Cawthorn's campaign says they purchased gifts for people who host fundraisers for the congressman.
Campaign gifts like this are legal.
Republican Rep. Madison Cawthorn of North Carolina's campaign spent $1,700 on "gifts" from a North Carolina taxidermist, which a spokesman said will be given to the hosts of future fundraisers for the 26-year-old congressman.
The campaign expense, which Cawthorn's campaign disclosed last Friday as part of routine quarterly filings with the Federal Election Commission, was made on August 31 and is described simply as "gifts for hosts."
The disclosures, which cover donations and spending for July, August, and September, show that Cawthorn raised just over $570,000 but spent roughly $615,000 during this 3 month stretch. Despite the deficit, Cawthorn's campaign reports still having nearly $373,000 in cash on hand.
The four-figure payment was made to "Taxidermy By Neal Pate" in Willow Spring, North Carolina, a small unincorporated community south of Raleigh, the state capital. Asked about the expense, a spokesperson for Cawthorn's campaign said that they "purchased several items from this vendor as gifts to be given out to fundraising hosts when they hold events with our campaign."

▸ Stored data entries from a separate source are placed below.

(* Let $R$ be a ring and let $\gamma_1,\gamma_2$ be bijections of $\mathbb{P}(R)$ each induced by a semilinear bijection of $R^2$. If $\gamma_1$ and $\gamma_2$ coincide on all points of some connected component $C$ of $\mathbb{P}(R)$, then $\gamma_1=\gamma_2$.
   Context: $R$ is an associative ring with unit element $1$; $R^*$ denotes its group of units and $\mathrm{GL}_2(R)$ the group of invertible $2\times2$ matrices over $R$. A pair $(a,b)\in R^2$ is admissible if it is the first row of some matrix in $\mathrm{GL}_2(R)$. The projective line $\mathbb{P}(R)$ is the set of all cyclic submodules $R(a,b)$ of the left $R$-module $R^2$ with $(a,b)$ admissible. Two points $R(a,b)$, $R(c,d)$ are distant iff $\begin{pmatrix}a&b\\c&d\end{pmatrix}\in\mathrm{GL}_2(R)$; connected components refer to the graph on $\mathbb{P}(R)$ whose edges are the pairs of distant points. A semilinear bijection of $R^2$ is a bijective additive map $f:R^2\to R^2$ for which there is a ring automorphism $\zeta$ of $R$ with $f(rv)=r^\zeta f(v)$ for all $r\in R$, $v\in R^2$; a bijection $\gamma$ of $\mathbb{P}(R)$ is induced by $f$ if $p^\gamma=f(p)$ for all $p\in\mathbb{P}(R)$. *)

theory Defs
  imports Main
begin

text \<open>A 2x2 matrix ((a,b),(c,d)) is represented by its four entries.\<close>

definition smul2 :: "'a::ring_1 \<Rightarrow> 'a \<times> 'a \<Rightarrow> 'a \<times> 'a" where
  "smul2 r v = (r * fst v, r * snd v)"

definition inv2 :: "'a::ring_1 \<Rightarrow> 'a \<Rightarrow> 'a \<Rightarrow> 'a \<Rightarrow> bool" where
  "inv2 a b c d \<longleftrightarrow> (\<exists>a' b' c' d'.
      a*a' + b*c' = 1 \<and> a*b' + b*d' = 0 \<and> c*a' + d*c' = 0 \<and> c*b' + d*d' = 1 \<and>
      a'*a + b'*c = 1 \<and> a'*b + b'*d = 0 \<and> c'*a + d'*c = 0 \<and> c'*b + d'*d = 1)"

definition admissible :: "'a::ring_1 \<Rightarrow> 'a \<Rightarrow> bool" where
  "admissible a b \<longleftrightarrow> (\<exists>c d. inv2 a b c d)"

definition cyc :: "'a::ring_1 \<Rightarrow> 'a \<Rightarrow> ('a \<times> 'a) set" where
  "cyc a b = {(r * a, r * b) | r. True}"

definition projline :: "('a::ring_1 \<times> 'a) set set" where
  "projline = {cyc a b | a b. admissible a b}"

definition distant :: "('a::ring_1 \<times> 'a) set \<Rightarrow> ('a \<times> 'a) set \<Rightarrow> bool" where
  "distant p q \<longleftrightarrow> (\<exists>a b c d. p = cyc a b \<and> q = cyc c d \<and> inv2 a b c d)"

definition distant_rel :: "(('a::ring_1 \<times> 'a) set \<times> ('a \<times> 'a) set) set" where
  "distant_rel = {(p, q). p \<in> projline \<and> q \<in> projline \<and> distant p q}"

definition component :: "('a::ring_1 \<times> 'a) set \<Rightarrow> ('a \<times> 'a) set set" where
  "component p = {q \<in> projline. (p, q) \<in> distant_rel\<^sup>*}"

definition is_component :: "('a::ring_1 \<times> 'a) set set \<Rightarrow> bool" where
  "is_component C \<longleftrightarrow> (\<exists>p \<in> projline. C = component p)"

definition ring_automorphism :: "('a::ring_1 \<Rightarrow> 'a) \<Rightarrow> bool" where
  "ring_automorphism z \<longleftrightarrow> bij z \<and> (\<forall>x y. z (x + y) = z x + z y) \<and>
     (\<forall>x y. z (x * y) = z x * z y) \<and> z 1 = 1"

definition semilinear_bij :: "('a::ring_1 \<times> 'a \<Rightarrow> 'a \<times> 'a) \<Rightarrow> bool" where
  "semilinear_bij f \<longleftrightarrow> bij f \<and> (\<forall>v w. f (fst v + fst w, snd v + snd w) = (fst (f v) + fst (f w), snd (f v) + snd (f w))) \<and>
     (\<exists>z. ring_automorphism z \<and> (\<forall>r v. f (smul2 r v) = smul2 (z r) (f v)))"

definition induced_by :: "(('a::ring_1 \<times> 'a) set \<Rightarrow> ('a \<times> 'a) set) \<Rightarrow> ('a \<times> 'a \<Rightarrow> 'a \<times> 'a) \<Rightarrow> bool" where
  "induced_by g f \<longleftrightarrow> (\<forall>p \<in> projline. g p = f ` p)"

end

theory Submission imports Defs begin

text \<open>The map h = f2\<inverse> \<circ> f1 is semilinear and fixes every point of C. Pick R(a,b) in C and a
matrix with rows (a,b), (c,d) in GL2(R); all points R(r(a,b) + (c,d)) are distant from R(a,b),
hence lie in C and are fixed by h. Writing h(a,b) = s(a,b) and h(c,d) = t(c,d), the fact that
h fixes R(r(a,b) + (c,d)) forces \<phi>(r) s = t r for the associated automorphism \<phi>; r = 1 gives t = s,
and then h(v) = s v for every v. Since h maps R(a,b) onto itself, s has a right inverse, so h
fixes every cyclic submodule, i.e. f1 and f2 induce the same map on all of P(R).\<close>

definition semilinear_wrt :: "('a::ring_1 \<times> 'a \<Rightarrow> 'a \<times> 'a) \<Rightarrow> ('a \<Rightarrow> 'a) \<Rightarrow> bool" where
  "semilinear_wrt h \<phi> \<longleftrightarrow>
     (\<forall>x1 y1 x2 y2. h (x1 + x2, y1 + y2) =
        (fst (h (x1, y1)) + fst (h (x2, y2)), snd (h (x1, y1)) + snd (h (x2, y2)))) \<and>
     (\<forall>r x y. h (r * x, r * y) = (\<phi> r * fst (h (x, y)), \<phi> r * snd (h (x, y))))"

lemma inv2_swap: "inv2 a b c d \<Longrightarrow> inv2 c d a b"
  unfolding inv2_def by (metis add.commute)

lemma inv2_add_row:
  fixes a b c d r :: "'a::ring_1"
  assumes "inv2 a b c d"
  shows "inv2 a b (r * a + c) (r * b + d)"
proof -
  obtain a' b' c' d' where h:
    "a*a' + b*c' = 1" "a*b' + b*d' = 0" "c*a' + d*c' = 0" "c*b' + d*d' = 1"
    "a'*a + b'*c = 1" "a'*b + b'*d = 0" "c'*a + d'*c = 0" "c'*b + d'*d = 1"
    using assms unfolding inv2_def by blast
  \<comment> \<open>the inverse of the row operation is the column operation subtracting r times column 2\<close>
  have "a*(a' - b'*r) + b*(c' - d'*r) = (a*a' + b*c') - (a*b' + b*d')*r"
    "(r*a + c)*(a' - b'*r) + (r*b + d)*(c' - d'*r)
       = r*(a*a' + b*c') + (c*a' + d*c') - r*(a*b' + b*d')*r - (c*b' + d*d')*r"
    "(r*a + c)*b' + (r*b + d)*d' = r*(a*b' + b*d') + (c*b' + d*d')"
    "(a' - b'*r)*a + b'*(r*a + c) = a'*a + b'*c"
    "(a' - b'*r)*b + b'*(r*b + d) = a'*b + b'*d"
    "(c' - d'*r)*a + d'*(r*a + c) = c'*a + d'*c"
    "(c' - d'*r)*b + d'*(r*b + d) = c'*b + d'*d"
    by (simp_all add: algebra_simps)
  with h show ?thesis
    unfolding inv2_def by (intro exI[of _ "a' - b'*r"] exI[of _ b'] exI[of _ "c' - d'*r"] exI[of _ d']) simp
qed

lemma inv2_coeffs_unique:
  fixes a b c d :: "'a::ring_1"
  assumes "inv2 a b c d"
    and "\<alpha> * a + \<beta> * c = \<alpha>' * a + \<beta>' * c" and "\<alpha> * b + \<beta> * d = \<alpha>' * b + \<beta>' * d"
  shows "\<alpha> = \<alpha>' \<and> \<beta> = \<beta>'"
proof -
  obtain a' b' c' d' where h:
    "a*a' + b*c' = 1" "a*b' + b*d' = 0" "c*a' + d*c' = 0" "c*b' + d*d' = 1"
    using assms(1) unfolding inv2_def by blast
  have col1: "(\<alpha>*a + \<beta>*c)*a' + (\<alpha>*b + \<beta>*d)*c' = \<alpha>*(a*a' + b*c') + \<beta>*(c*a' + d*c')" for \<alpha> \<beta>
    by (simp add: algebra_simps)
  have col2: "(\<alpha>*a + \<beta>*c)*b' + (\<alpha>*b + \<beta>*d)*d' = \<alpha>*(a*b' + b*d') + \<beta>*(c*b' + d*d')" for \<alpha> \<beta>
    by (simp add: algebra_simps)
  show ?thesis
    using col1[of \<alpha> \<beta>] col1[of \<alpha>' \<beta>'] col2[of \<alpha> \<beta>] col2[of \<alpha>' \<beta>'] assms(2,3) h by simp
qed

lemma inv2_decompose:
  fixes a b c d :: "'a::ring_1"
  assumes "inv2 a b c d"
  obtains \<alpha> \<beta> where "x = \<alpha> * a + \<beta> * c" and "y = \<alpha> * b + \<beta> * d"
proof -
  obtain a' b' c' d' where h:
    "a'*a + b'*c = 1" "a'*b + b'*d = 0" "c'*a + d'*c = 0" "c'*b + d'*d = 1"
    using assms unfolding inv2_def by blast
  have "(x*a' + y*c')*a + (x*b' + y*d')*c = x*(a'*a + b'*c) + y*(c'*a + d'*c)"
    "(x*a' + y*c')*b + (x*b' + y*d')*d = x*(a'*b + b'*d) + y*(c'*b + d'*d)"
    by (simp_all add: algebra_simps)
  with h show ?thesis
    using that[of "x*a' + y*c'" "x*b' + y*d'"] by simp
qed

lemma cyc_generator: "(a, b) \<in> cyc a b"
  unfolding cyc_def by (metis (mono_tags, lifting) mem_Collect_eq mult_1)

lemma image_subset_cyc_generator:
  assumes "h ` cyc a b \<subseteq> cyc a b"
  obtains s where "h (a, b) = (s * a, s * b)"
  using assms cyc_generator[of a b] unfolding cyc_def by blast

lemma semilinear_fixing_frame_is_scalar:
  fixes a b c d :: "'a::ring_1"
  assumes h: "semilinear_wrt h \<phi>" and "\<phi> 1 = 1" and iv: "inv2 a b c d"
    and fix_ab: "h ` cyc a b = cyc a b"
    and fix_row: "\<And>r. h ` cyc (r * a + c) (r * b + d) \<subseteq> cyc (r * a + c) (r * b + d)"
  obtains s k where "\<And>x y. h (x, y) = (s * x, s * y)" and "s * k = 1"
proof -
  have add: "h (x1 + x2, y1 + y2) = (fst (h (x1, y1)) + fst (h (x2, y2)), snd (h (x1, y1)) + snd (h (x2, y2)))"
    and mul: "h (r * x, r * y) = (\<phi> r * fst (h (x, y)), \<phi> r * snd (h (x, y)))" for x1 y1 x2 y2 r x y
    using h unfolding semilinear_wrt_def by blast+
  obtain s where hs: "h (a, b) = (s * a, s * b)"
    using image_subset_cyc_generator fix_ab by blast
  obtain t where ht: "h (c, d) = (t * c, t * d)"
    using image_subset_cyc_generator[OF fix_row[of 0]] by auto
  have h_comb: "h (\<alpha> * a + \<beta> * c, \<alpha> * b + \<beta> * d) = (\<phi> \<alpha> * s * a + \<phi> \<beta> * t * c, \<phi> \<alpha> * s * b + \<phi> \<beta> * t * d)"
    for \<alpha> \<beta>
    using add[of "\<alpha> * a" "\<beta> * c" "\<alpha> * b" "\<beta> * d"] mul[of \<alpha> a b] mul[of \<beta> c d] hs ht
    by (simp add: mult.assoc)
  have twist: "\<phi> r * s = t * r" for r
  proof -
    obtain w where "h (r * a + c, r * b + d) = (w * (r * a + c), w * (r * b + d))"
      using image_subset_cyc_generator[OF fix_row[of r]] by blast
    with h_comb[of r 1] \<open>\<phi> 1 = 1\<close>
    have "(\<phi> r * s) * a + t * c = (w * r) * a + w * c" "(\<phi> r * s) * b + t * d = (w * r) * b + w * d"
      by (auto simp: algebra_simps)
    from inv2_coeffs_unique[OF iv this] show ?thesis by simp
  qed
  then have "t = s" using \<open>\<phi> 1 = 1\<close> by (metis mult_1 mult_1_right)
  have scalar: "h (x, y) = (s * x, s * y)" for x y
  proof -
    obtain \<alpha> \<beta> where xy: "x = \<alpha> * a + \<beta> * c" "y = \<alpha> * b + \<beta> * d"
      using inv2_decompose[OF iv] by blast
    show ?thesis
      unfolding xy h_comb using twist \<open>t = s\<close> by (simp add: algebra_simps)
  qed
  obtain k where "(a, b) = h (k * a, k * b)"
    using fix_ab cyc_generator[of a b] unfolding cyc_def by blast
  then have "(s * k) * a + 0 * c = 1 * a + 0 * c" "(s * k) * b + 0 * d = 1 * b + 0 * d"
    by (auto simp: scalar mult.assoc)
  then have "s * k = 1" using inv2_coeffs_unique[OF iv] by blast
  with scalar that show ?thesis by blast
qed

lemma right_invertible_scalar_fixes_cyc:
  fixes s k :: "'a::ring_1"
  assumes scalar: "\<And>x y. h (x, y) = (s * x, s * y)" and "s * k = 1"
  shows "h ` cyc x y = cyc x y"
proof
  show "h ` cyc x y \<subseteq> cyc x y"
    unfolding cyc_def using scalar by (auto simp: mult.assoc[symmetric])
  show "cyc x y \<subseteq> h ` cyc x y"
  proof
    fix v assume "v \<in> cyc x y"
    then obtain r where v: "v = (r * x, r * y)" unfolding cyc_def by auto
    have "v = h ((k * r) * x, (k * r) * y)"
      using v scalar \<open>s * k = 1\<close> by (simp add: mult.assoc[symmetric])
    moreover have "((k * r) * x, (k * r) * y) \<in> cyc x y" unfolding cyc_def by auto
    ultimately show "v \<in> h ` cyc x y" by blast
  qed
qed

lemma semilinear_bij_inv_comp:
  assumes "semilinear_bij f1" and "semilinear_bij f2"
  obtains \<phi> where "semilinear_wrt (\<lambda>v. inv f2 (f1 v)) \<phi>" and "\<phi> 1 = 1"
proof -
  obtain z1 where z1: "ring_automorphism z1" "\<And>r v. f1 (smul2 r v) = smul2 (z1 r) (f1 v)"
    and add1: "\<And>v w. f1 (fst v + fst w, snd v + snd w) = (fst (f1 v) + fst (f1 w), snd (f1 v) + snd (f1 w))"
    using assms(1) unfolding semilinear_bij_def by blast
  obtain z2 where z2: "ring_automorphism z2" "\<And>r v. f2 (smul2 r v) = smul2 (z2 r) (f2 v)"
    and add2: "\<And>v w. f2 (fst v + fst w, snd v + snd w) = (fst (f2 v) + fst (f2 w), snd (f2 v) + snd (f2 w))"
    and "bij f2"
    using assms(2) unfolding semilinear_bij_def by blast
  have "bij z2" using z2(1) unfolding ring_automorphism_def by blast
  define h where "h = (\<lambda>v. inv f2 (f1 v))"
  have f2h: "f2 (h v) = f1 v" for v
    unfolding h_def using \<open>bij f2\<close> by (simp add: bij_is_surj surj_f_inv_f)
  have z2_inv: "z2 (inv z2 (z1 r)) = z1 r" for r
    using \<open>bij z2\<close> by (simp add: bij_is_surj surj_f_inv_f)
  have f2_eq: "f2 v = f2 w \<longleftrightarrow> v = w" for v w
    using \<open>bij f2\<close> by (simp add: bij_is_inj inj_eq)
  have "f2 (h (x1 + x2, y1 + y2)) = f2 (fst (h (x1, y1)) + fst (h (x2, y2)), snd (h (x1, y1)) + snd (h (x2, y2)))"
    for x1 y1 x2 y2
    using add1[of "(x1, y1)" "(x2, y2)"] add2[of "h (x1, y1)" "h (x2, y2)"] by (simp add: f2h)
  moreover have "f2 (h (r * x, r * y)) = f2 (smul2 (inv z2 (z1 r)) (h (x, y)))" for r x y
    using z1(2)[of r "(x, y)"] z2(2) by (simp add: f2h z2_inv smul2_def)
  ultimately have "semilinear_wrt h (\<lambda>r. inv z2 (z1 r))"
    unfolding semilinear_wrt_def f2_eq by (simp add: smul2_def)
  moreover have "inv z2 (z1 1) = 1"
    using z1(1) z2(1) \<open>bij z2\<close> unfolding ring_automorphism_def by (metis bij_is_inj inv_f_f)
  ultimately show ?thesis
    using that unfolding h_def by blast
qed

lemma cyc_in_own_component: "cyc a b \<in> projline \<Longrightarrow> cyc a b \<in> component (cyc a b)"
  unfolding component_def by simp

lemma cyc_add_row_in_component:
  assumes "inv2 a b c d"
  shows "cyc (r * a + c) (r * b + d) \<in> component (cyc a b)"
proof -
  have iv: "inv2 a b (r * a + c) (r * b + d)" using inv2_add_row[OF assms] .
  then have "cyc a b \<in> projline" "cyc (r * a + c) (r * b + d) \<in> projline"
    unfolding projline_def admissible_def using inv2_swap by blast+
  moreover have "distant (cyc a b) (cyc (r * a + c) (r * b + d))"
    unfolding distant_def using iv by blast
  ultimately show ?thesis unfolding component_def distant_rel_def by auto
qed

theorem mainTheorem5:
  fixes g1 g2 :: "('a::ring_1 \<times> 'a) set \<Rightarrow> ('a \<times> 'a) set"
    and f1 f2 :: "'a \<times> 'a \<Rightarrow> 'a \<times> 'a"
    and C :: "('a \<times> 'a) set set"
  assumes "bij_betw g1 projline projline" and "bij_betw g2 projline projline"
    and "semilinear_bij f1" and "induced_by g1 f1"
    and "semilinear_bij f2" and "induced_by g2 f2"
    and "is_component C"
    and "\<forall>p \<in> C. g1 p = g2 p"
  shows "\<forall>p \<in> projline. g1 p = g2 p"
proof -
  define h where "h = (\<lambda>v. inv f2 (f1 v))"
  have "bij f2" using assms(5) unfolding semilinear_bij_def by blast
  then have f1_via_h: "f1 ` p = f2 ` h ` p" for p
    unfolding h_def by (simp add: image_image bij_is_surj surj_f_inv_f)
  have induced_eq: "g1 p = g2 p \<longleftrightarrow> h ` p = p" if "p \<in> projline" for p
    using assms(4,6) that \<open>bij f2\<close> unfolding induced_by_def f1_via_h
    by (simp add: bij_is_inj inj_image_eq_iff)
  obtain a b c d where C: "C = component (cyc a b)" and iv: "inv2 a b c d"
    using assms(7) unfolding is_component_def projline_def admissible_def by blast
  have fix_C: "h ` p = p" if "p \<in> C" for p
    using that assms(8) induced_eq C unfolding component_def by blast
  have "cyc a b \<in> projline"
    unfolding projline_def admissible_def using iv by blast
  then have fix_ab: "h ` cyc a b = cyc a b"
    using fix_C C cyc_in_own_component by blast
  have fix_row: "h ` cyc (r * a + c) (r * b + d) \<subseteq> cyc (r * a + c) (r * b + d)" for r
    using fix_C C cyc_add_row_in_component[OF iv] by blast
  obtain \<phi> where "semilinear_wrt h \<phi>" "\<phi> 1 = 1"
    using semilinear_bij_inv_comp[OF assms(3,5)] unfolding h_def by blast
  then obtain s k where "\<And>x y. h (x, y) = (s * x, s * y)" "s * k = 1"
    using semilinear_fixing_frame_is_scalar[OF _ _ iv fix_ab fix_row] by blast
  then have "h ` cyc x y = cyc x y" for x y
    by (rule right_invertible_scalar_fixes_cyc)
  then have "h ` p = p" if "p \<in> projline" for p
    using that unfolding projline_def by blast
  with induced_eq show ?thesis by blast
qed

end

Cawthorn's campaign did not respond to a question about what kinds of "gifts" were purchased, and little information about the taxidermist exists online. Neal Pate did not immediately respond to an attempt to contact him via phone.
According to one website, Pate won the "Most Artistic Entry Award" in a 2009 taxidermy competition for a sculpture of a stuffed bird based on the taxidermist's "innovation, skill, artistic talent and high quality." Posts on duck-hunting forums indicate that Pate is well-regarded when it comes to stuffing birds.
Gifts for fundraiser hosts are generally permissible under federal campaign finance laws, an FEC spokesperson confirmed to Insider. He referred to a clause within the FEC's candidate guide that states that "on special occasions, campaign funds may be used to purchase gifts or make donations of nominal value to persons other than the members of the candidate's family."